After discussing the
TPC-DS results, it's time to look at the last benchmark,
testing performance of built-in fulltext (and GIN/GiST index
implementation in general).
The one chart you should remember from this post is this one,
GIN speedup between 9.3 and 9.4:
Interpreting this chart is a bit tricky - x-axis tracks duration
on PostgreSQL 9.3 (log scale), while y-axis (linear scale) tracks
relative speedup 9.4 vs. 9.3, so 1.0 means 'equal performance', and
0.5 means that 9.4 is 2x faster than 9.3.
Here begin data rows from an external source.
(* Let $\varphi$ be an arithmetic formula (set parameters allowed). Then \[ \mathrm{ACA}_0\vdash{\tt wo}(\Lambda)\to\forall\lambda\in|\Lambda|\,\big(\widehat{\tt TR}^\Lambda_\lambda(\varphi,X)\leftrightarrow{\tt TR}^\Lambda_\lambda(\varphi,X)\big). \]
   Context: Second-order arithmetic with $0,1,+,\times$, exponentiation, $<,=,\in$; $\mathrm{ACA}_0=\mathrm Q+{\tt Ind}+$arithmetic comprehension. A set $\Lambda$ codes $(|\Lambda|,<_\Lambda)$; ${\tt wo}(\Lambda)$ states it is a linear order on $|\Lambda|$ with every nonempty subset having a least element. $\langle\cdot,\cdot\rangle$ is pairing with projections $(x)_0,(x)_1$; $Y_\xi=\{x:\langle\xi,x\rangle\in Y\}$. For a formula $\varphi(x,Y)$ with recursion variable $Y$, $\varphi(x,Y_{<\lambda})$ replaces each atom $t\in Y$ by $(t)_0<_\Lambda\lambda\wedge t\in Y$. ${\tt TR}^\Lambda_\lambda(\varphi,Y)$ is $\forall\xi\le_\Lambda\lambda\,\forall x(x\in Y_\xi\leftrightarrow\varphi(x,Y_{<\xi}))$. $\widehat{\tt TR}^\Lambda_\lambda(\varphi,X)$ is $\forall x\big((x)_0\le_\Lambda\lambda\to[x\in X\leftrightarrow\forall Y({\tt TR}^\Lambda_{(x)_0}(\varphi,Y)\to\varphi((x)_1,Y_{<(x)_0}))]\big)$. *)

theory Defs
  imports Main
begin

(* Two-sorted language of second-order arithmetic: 0,1,+,*,exp,<,=,\<in>.
   Number variables and set variables are both indexed by nat (separate namespaces). *)
datatype tm = Var nat | Zero | One | Add tm tm | Mul tm tm | Pow tm tm

datatype fm = Eq tm tm | Lt tm tm | Mem tm nat
  | Neg fm | Conj fm fm | Disj fm fm | Imp fm fm
  | All nat fm | Ex nat fm
  | SAll nat fm | SEx nat fm

fun arith :: "fm \<Rightarrow> bool" where
  "arith (Eq t u) = True"
| "arith (Lt t u) = True"
| "arith (Mem t X) = True"
| "arith (Neg p) = arith p"
| "arith (Conj p q) = (arith p \<and> arith q)"
| "arith (Disj p q) = (arith p \<and> arith q)"
| "arith (Imp p q) = (arith p \<and> arith q)"
| "arith (All n p) = arith p"
| "arith (Ex n p) = arith p"
| "arith (SAll X p) = False"
| "arith (SEx X p) = False"

(* Henkin (general) structures: number domain = the type 'a, set sort = sets *)
record 'a s2 =
  zer :: 'a
  one :: 'a
  add :: "'a \<Rightarrow> 'a \<Rightarrow> 'a"
  mul :: "'a \<Rightarrow> 'a \<Rightarrow> 'a"
  pw  :: "'a \<Rightarrow> 'a \<Rightarrow> 'a"
  ls  :: "'a \<Rightarrow> 'a \<Rightarrow> bool"
  sets :: "'a set set"

fun ev :: "'a s2 \<Rightarrow> (nat \<Rightarrow> 'a) \<Rightarrow> tm \<Rightarrow> 'a" where
  "ev M e (Var n) = e n"
| "ev M e Zero = zer M"
| "ev M e One = one M"
| "ev M e (Add t u) = add M (ev M e t) (ev M e u)"
| "ev M e (Mul t u) = mul M (ev M e t) (ev M e u)"
| "ev M e (Pow t u) = pw M (ev M e t) (ev M e u)"
(* Let $(A^1,B^1)$ be an $n_1\times m_1$ bimatrix game, $(A^2,B^2)$ an $n_2\times m_2$ bimatrix game, $K$ a real number with $K>|c|$ for every entry $c$ of $A^1,B^1,A^2,B^2$, and let $(A,B)$ be the sum game $(A^1,B^1)+(A^2,B^2)$ via $K$. If $(x,y)$ is a Nash equilibrium of $(A,B)$, then $(x^1,y^1)$ defined by $x^1_i=x_i/\sum_{l=1}^{n_1}x_l$ for $1\le i\le n_1$ and $y^1_j=y_j/\sum_{l=1}^{m_1}y_l$ for $1\le j\le m_1$ is well-defined and is a Nash equilibrium of $(A^1,B^1)$.
   Context: An $n\times m$ bimatrix game $(A,B)$ consists of two real $n\times m$ matrices. A mixed strategy of the row player is a probability vector $x\in\Delta_n=\{x\in\mathbb{R}^n_{\ge 0}:\sum_i x_i=1\}$, of the column player $y\in\Delta_m$; the expected payoffs are $x^TAy$ (row player) and $x^TBy$ (column player). $(x,y)$ is a Nash equilibrium if $x^TAy\ge \hat x^TAy$ for all $\hat x\in\Delta_n$ and $x^TBy\ge x^TB\hat y$ for all $\hat y\in\Delta_m$. The sum game $(A^1,B^1)+(A^2,B^2)$ via $K$ is the $(n_1+n_2)\times(m_1+m_2)$ game $(A,B)$ with $A_{ij}=A^1_{ij}$, $B_{ij}=B^1_{ij}$ if $i\le n_1,j\le m_1$; $A_{ij}=A^2_{i-n_1,j-m_1}$, $B_{ij}=B^2_{i-n_1,j-m_1}$ if $i>n_1,j>m_1$; and $A_{ij}=K$, $B_{ij}=-K$ otherwise. *)

theory Defs
  imports Main "HOL.Real"
begin

text \<open>Matrices are functions nat => nat => real, vectors nat => real, with explicit
  dimensions; indices are 0-based (row i < n, column j < m). Only entries
  within the dimensions are ever inspected.\<close>

definition simplex :: "nat \<Rightarrow> (nat \<Rightarrow> real) set" where
  "simplex n = {x. (\<forall>i<n. 0 \<le> x i) \<and> (\<Sum>i<n. x i) = 1}"

definition payoff :: "nat \<Rightarrow> nat \<Rightarrow> (nat \<Rightarrow> nat \<Rightarrow> real) \<Rightarrow> (nat \<Rightarrow> real) \<Rightarrow> (nat \<Rightarrow> real) \<Rightarrow> real" where
  "payoff n m M x y = (\<Sum>i<n. \<Sum>j<m. x i * M i j * y j)"

definition nash_eq :: "nat \<Rightarrow> nat \<Rightarrow> (nat \<Rightarrow> nat \<Rightarrow> real) \<Rightarrow> (nat \<Rightarrow> nat \<Rightarrow> real)
    \<Rightarrow> (nat \<Rightarrow> real) \<Rightarrow> (nat \<Rightarrow> real) \<Rightarrow> bool" where
  "nash_eq n m A B x y \<longleftrightarrow> x \<in> simplex n \<and> y \<in> simplex m \<and>
     (\<forall>x'\<in>simplex n. payoff n m A x' y \<le> payoff n m A x y) \<and>
     (\<forall>y'\<in>simplex m. payoff n m B x y' \<le> payoff n m B x y)"
(* Let $W$ be a nonzero restricted $\widehat{\mathfrak h}$-module satisfying condition $\mathcal C_0$. Then $\Omega_W\neq0$, i.e. $W$ contains a vacuum vector.
   Context: Let $p$ be a prime and $\mathbb{F}$ a field of characteristic $p$. Integers are viewed as elements of the prime subfield of $\mathbb{F}$. We write $\mathbb{Z}_+$ for the positive integers. <b>Heisenberg setup.</b> Let $\mathfrak h$ be a finite-dimensional $\mathbb{F}$-vector space with a non-degenerate symmetric bilinear form $\langle\cdot,\cdot\rangle$. The affine Lie algebra is $\widehat{\mathfrak h}=\mathfrak h\otimes\mathbb{F}[t,t^{-1}]\oplus\mathbb{F}\mathbf k$, where $\mathbf k$ is central and, writing $u(m)=u\otimes t^m$, $$[u(m),v(n)]=m\,\delta_{m+n,0}\langle u,v\rangle\mathbf k.$$ Set $\widehat{\mathfrak h}_+=\bigoplus_{n>0}\mathfrak h\otimes t^{-n}$ and $\widehat{\mathfrak h}_-=\bigoplus_{n>0}\mathfrak h\otimes t^{n}$. For a linear functional $\lambda\in(\widehat{\mathfrak h}_+)^*$, write $\lambda_n(u)=\lambda(u(-n))$ for $u\in\mathfrak h$, $n\in\mathbb{Z}_+$. <b>Restricted modules and vacuum vectors.</b> An $\widehat{\mathfrak h}$-module $W$ is restricted if for all $u\in\mathfrak h$ and $w\in W$ we have $u(n)w=0$ for $n\gg0$. Set $\Omega_W=\{w\in W:\widehat{\mathfrak h}_-w=0\}$; its nonzero elements are called vacuum vectors. <b>Condition $\mathcal C_0$.</b> A restricted $\widehat{\mathfrak h}$-module $W$ satisfies condition $\mathcal C_0$ if both of the following hold. <ol> <li>For all $u\in\mathfrak h$ and $n\in\mathbb{Z}_+$, the operators $u(np)$ and $u(n)^p$ act as $0$ on $W$.</li> <li>The operators $u(-np)$ and $u(-n)^p$ ($u\in\mathfrak h$, $n\ge0$) act semisimply and simultaneously. Precisely, $$W=\bigoplus_{(\lambda_0,\lambda)\in\mathfrak h^*\times(\widehat{\mathfrak h}_+)^*}W_{\lambda_0,\lambda},$$ where $W_{\lambda_0,\lambda}$ is the set of $w\in W$ such that: <ul> <li>$u(0)w=\lambda_0(u)w$ for all $u\in\mathfrak h$;</li> <li>$u(-m)w=\lambda_m(u)w$ for all $u\in\mathfrak h$, $m\in p\mathbb{Z}_+$;</li> <li>$u(-n)^pw=\lambda_n(u)^pw$ for all $u\in\mathfrak h$, $n\in\mathbb{Z}_+$.</li> </ul></li> </ol> *)

theory Defs
  imports Complex_Main "HOL-Computational_Algebra.Primes"
begin

definition form_space ::
  "('f::field \<Rightarrow> 'h::ab_group_add \<Rightarrow> 'h) \<Rightarrow> ('h \<Rightarrow> 'h \<Rightarrow> 'f) \<Rightarrow> bool" where
  "form_space sH bf \<longleftrightarrow>
     vector_space sH \<and>
     (\<exists>B. finite B \<and> module.span sH B = UNIV) \<and>
     (\<forall>u. Vector_Spaces.linear sH (*) (bf u)) \<and>
     (\<forall>u v. bf u v = bf v u) \<and>
     (\<forall>u. (\<forall>v. bf u v = 0) \<longrightarrow> u = 0)"

text \<open>A module W (F-space with scalar multiplication sW) for the affine Lie algebra
 hat h: act u m is the action of u(m) = u \<otimes> t^m, kact the action of the central k.\<close>
definition affine_heis_module ::
  "('f::field \<Rightarrow> 'h::ab_group_add \<Rightarrow> 'h) \<Rightarrow> ('h \<Rightarrow> 'h \<Rightarrow> 'f) \<Rightarrow>
   ('f \<Rightarrow> 'w::ab_group_add \<Rightarrow> 'w) \<Rightarrow> ('h \<Rightarrow> int \<Rightarrow> 'w \<Rightarrow> 'w) \<Rightarrow> ('w \<Rightarrow> 'w) \<Rightarrow> bool" where
  "affine_heis_module sH bf sW act kact \<longleftrightarrow>
     vector_space sW \<and>
     (\<forall>u m. Vector_Spaces.linear sW sW (act u m)) \<and>
     Vector_Spaces.linear sW sW kact \<and>
     (\<forall>u v m w. act (u + v) m w = act u m w + act v m w) \<and>
     (\<forall>c u m w. act (sH c u) m w = sW c (act u m w)) \<and>
     (\<forall>u v m n w. act u m (act v n w) - act v n (act u m w) =
         sW (if m + n = 0 then of_int m * bf u v else 0) (kact w)) \<and>
     (\<forall>u m w. kact (act u m w) = act u m (kact w))"

definition restricted_mod :: "('h \<Rightarrow> int \<Rightarrow> 'w \<Rightarrow> 'w::zero) \<Rightarrow> bool" where
  "restricted_mod act \<longleftrightarrow> (\<forall>u w. \<exists>N. \<forall>n\<ge>N. act u n w = 0)"

definition vacuum_space :: "('h \<Rightarrow> int \<Rightarrow> 'w \<Rightarrow> 'w::zero) \<Rightarrow> 'w set" where
  "vacuum_space act = {w. \<forall>u n. n > 0 \<longrightarrow> act u n w = 0}"

text \<open>Weight space W_{lambda_0,lambda}; a weight is encoded as mu :: nat => h => F with
 mu 0 = lambda_0 and mu n = lambda_n (n > 0).\<close>
definition weight_space ::
  "nat \<Rightarrow> ('f \<Rightarrow> 'w \<Rightarrow> 'w) \<Rightarrow> ('h \<Rightarrow> int \<Rightarrow> 'w \<Rightarrow> 'w) \<Rightarrow> (nat \<Rightarrow> 'h \<Rightarrow> 'f::field) \<Rightarrow> 'w set" where
  "weight_space p sW act mu = {w.
     (\<forall>u. act u 0 w = sW (mu 0 u) w) \<and>
     (\<forall>u m. m > 0 \<and> p dvd m \<longrightarrow> act u (- int m) w = sW (mu m u) w) \<and>
     (\<forall>u n. n > 0 \<longrightarrow> (act u (- int n) ^^ p) w = sW (mu n u ^ p) w)}"

definition weights :: "('f::field \<Rightarrow> 'h::ab_group_add \<Rightarrow> 'h) \<Rightarrow> (nat \<Rightarrow> 'h \<Rightarrow> 'f) set" where
  "weights sH = {mu. \<forall>n. Vector_Spaces.linear sH (*) (mu n)}"

definition condition_C0 ::
  "nat \<Rightarrow> ('f::field \<Rightarrow> 'h::ab_group_add \<Rightarrow> 'h) \<Rightarrow> ('f \<Rightarrow> 'w::ab_group_add \<Rightarrow> 'w) \<Rightarrow> ('h \<Rightarrow> int \<Rightarrow> 'w \<Rightarrow> 'w) \<Rightarrow> bool" where
  "condition_C0 p sH sW act \<longleftrightarrow>
     (\<forall>u n w. n > 0 \<longrightarrow> act u (int (n * p)) w = 0 \<and> (act u (int n) ^^ p) w = 0) \<and>
     (\<forall>w. \<exists>S f. finite S \<and> S \<subseteq> weights sH \<and>
            (\<forall>mu\<in>S. f mu \<in> weight_space p sW act mu) \<and> w = sum f S) \<and>
     (\<forall>S f. finite S \<and> S \<subseteq> weights sH \<and>
            (\<forall>mu\<in>S. f mu \<in> weight_space p sW act mu) \<and> sum f S = 0 \<longrightarrow>
            (\<forall>mu\<in>S. f mu = 0))"

end

theory Submission
  imports Defs
begin

text \<open>By restrictedness there is an N with u(n) w = 0 for all n \<ge> N (uniformly in u, since
 h is finite-dimensional). The finitely many remaining positive modes b(n), b in a basis and
 0 < n < N, commute pairwise and are nilpotent (u(n)^p = 0 by condition C0), so they have a
 common nonzero kernel vector obtained from w by applying them. Since positive modes commute,
 applying them preserves being killed by all modes n \<ge> N, so this vector is a vacuum vector.\<close>

lemma nilpotent_last_nonzero_iterate:
  fixes f :: "'w::zero \<Rightarrow> 'w"
  assumes "(f ^^ p) v = 0" and "v \<noteq> 0"
  obtains k where "(f ^^ k) v \<noteq> 0" and "f ((f ^^ k) v) = 0"
proof -
  have "\<exists>k. (f ^^ k) v \<noteq> 0 \<and> f ((f ^^ k) v) = 0"
  proof (rule ccontr)
    assume none: "\<not> ?thesis"
    have "(f ^^ k) v \<noteq> 0" for k
      by (induction k) (use assms(2) none in auto)
    with assms(1) show False by blast
  qed
  then show thesis using that by blast
qed

text \<open>The kernel hypothesis stands in for commutation; it holds for commuting maps that fix 0.\<close>
lemma common_kernel_vector_in_invariant_set:
  fixes A :: "('w::zero \<Rightarrow> 'w) set"
  assumes invariant: "\<And>f x. f \<in> A \<Longrightarrow> x \<in> S \<Longrightarrow> f x \<in> S"
    and kernel_invariant: "\<And>f g x. f \<in> A \<Longrightarrow> g \<in> A \<Longrightarrow> g x = 0 \<Longrightarrow> g (f x) = 0"
    and nilpotent: "\<And>f x. f \<in> A \<Longrightarrow> (f ^^ p) x = 0"
    and "finite F" "F \<subseteq> A" "w \<in> S" "w \<noteq> 0"
  shows "\<exists>v\<in>S. v \<noteq> 0 \<and> (\<forall>f\<in>F. f v = 0)"
  using \<open>finite F\<close> \<open>F \<subseteq> A\<close>
proof (induction F rule: finite_induct)
  case empty
  then show ?case using \<open>w \<in> S\<close> \<open>w \<noteq> 0\<close> by blast
next
  case (insert f F)
  then obtain v where v: "v \<in> S" "v \<noteq> 0" "\<forall>g\<in>F. g v = 0" by blast
  have f: "f \<in> A" using insert.prems by blast
  obtain k where k: "(f ^^ k) v \<noteq> 0" "f ((f ^^ k) v) = 0"
    using nilpotent_last_nonzero_iterate[OF nilpotent[OF f] \<open>v \<noteq> 0\<close>] .
  have "(f ^^ k) v \<in> S"
    by (induction k) (use v invariant[OF f] in auto)
  moreover have "g ((f ^^ k) v) = 0" if "g \<in> F" for g
  proof -
    have "g \<in> A" using that insert.prems by blast
    then show ?thesis
      by (induction k) (use v that kernel_invariant[OF f] in auto)
  qed
  ultimately show ?case using k by blast
qed

lemma heis_act_zero_right:
  assumes "affine_heis_module sH bf sW act kact"
  shows "act u m 0 = 0"
proof -
  have "vector_space sW" and "Vector_Spaces.linear sW sW (act u m)"
    using assms unfolding affine_heis_module_def by blast+
  then show ?thesis
    using vector_space_pair.linear_0 vector_space_pair.intro by metis
qed

lemma heis_act_commute:
  assumes "affine_heis_module sH bf sW act kact" and "m + n \<noteq> 0"
  shows "act u m (act v n w) = act v n (act u m w)"
proof -
  interpret W: vector_space sW
    using assms(1) unfolding affine_heis_module_def by blast
  have "act u m (act v n w) - act v n (act u m w) =
        sW (if m + n = 0 then of_int m * bf u v else 0) (kact w)"
    using assms(1) unfolding affine_heis_module_def by blast
  then show ?thesis using assms(2) by simp
qed

lemma heis_act_eq_0_if_spanning_set:
  assumes "affine_heis_module sH bf sW act kact" and "vector_space sH"
    and "module.span sH B = UNIV" and "\<forall>b\<in>B. act b n v = 0"
  shows "act u n v = 0"
proof -
  interpret H: vector_space sH by fact
  interpret W: vector_space sW
    using assms(1) unfolding affine_heis_module_def by blast
  have add: "act (x + y) n v = act x n v + act y n v"
    and scale: "act (sH c x) n v = sW c (act x n v)" for x y c
    using assms(1) unfolding affine_heis_module_def by blast+
  have "u \<in> H.span B" using assms(3) by simp
  then show ?thesis
  proof (induction rule: H.span_induct_alt)
    case base
    show ?case using add[of 0 0] by simp
  next
    case (step c b x)
    then show ?case
      using add scale assms(4) by simp
  qed
qed

lemma restricted_mod_uniform_bound:
  assumes "restricted_mod act" and "finite B"
  obtains N :: int where "N > 0" and "\<And>b n. b \<in> B \<Longrightarrow> n \<ge> N \<Longrightarrow> act b n w = 0"
proof -
  have "\<forall>b. \<exists>N. \<forall>n\<ge>N. act b n w = 0"
    using assms(1) unfolding restricted_mod_def by blast
  then obtain Nb where Nb: "\<And>b n. n \<ge> Nb b \<Longrightarrow> act b n w = 0" by metis
  define N where "N = Max (insert 1 (Nb ` B))"
  have "1 \<le> N"
    unfolding N_def using assms(2) by (intro Max_ge) auto
  then have "N > 0" by simp
  moreover have "act b n w = 0" if "b \<in> B" "n \<ge> N" for b n
  proof -
    have "Nb b \<le> N" unfolding N_def using assms(2) that(1) by simp
    then show ?thesis using Nb that(2) by simp
  qed
  ultimately show thesis using that by blast
qed

definition positive_modes :: "('h \<Rightarrow> int \<Rightarrow> 'w \<Rightarrow> 'w) \<Rightarrow> ('w \<Rightarrow> 'w) set" where
  "positive_modes act = {act u (int n) | u n. n > 0}"

definition annihilated_from :: "('h \<Rightarrow> int \<Rightarrow> 'w \<Rightarrow> 'w::zero) \<Rightarrow> int \<Rightarrow> 'w set" where
  "annihilated_from act N = {x. \<forall>u n. n \<ge> N \<longrightarrow> act u n x = 0}"

lemma positive_modesE:
  assumes "f \<in> positive_modes act"
  obtains u m where "f = act u m" and "m > 0"
  using assms unfolding positive_modes_def by force

lemma positive_modes_nilpotent:
  assumes "condition_C0 p sH sW act" and "f \<in> positive_modes act"
  shows "(f ^^ p) x = 0"
  using assms unfolding positive_modes_def condition_C0_def by blast

lemma positive_modes_kernel_invariant:
  assumes "affine_heis_module sH bf sW act kact"
    and "f \<in> positive_modes act" "g \<in> positive_modes act" "g x = 0"
  shows "g (f x) = 0"
proof -
  obtain u m where f: "f = act u m" "m > 0" using assms(2) by (rule positive_modesE)
  obtain v n where g: "g = act v n" "n > 0" using assms(3) by (rule positive_modesE)
  have "g (f x) = f (g x)"
    using heis_act_commute[OF assms(1)] f g by simp
  then show ?thesis
    using assms(4) heis_act_zero_right[OF assms(1)] f(1) by simp
qed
The chart pretty much shows exponential speedup
for vast majority of queries - the longer the duration on 9.3, the
higher the speedup on 9.4. That's pretty awesome, IMNSHO. What
exactly caused that will be discussed later (spoiler: it's thanks
to GIN fastscan). Also notice that almost no queries are slower on
9.4, and those few examples are not significantly slower.
While both pgbench
and TPC-DS are well
established benchmarks, there's no such benchmark for testing
fulltext performance (as far as I know). Luckily, I've had played
with the fulltext features a while ago, implementing archie - an in-database
mailing list archive.
It's still quite experimental and I use it for testing GIN/GiST
related patches, but it's suitable for this benchmark too.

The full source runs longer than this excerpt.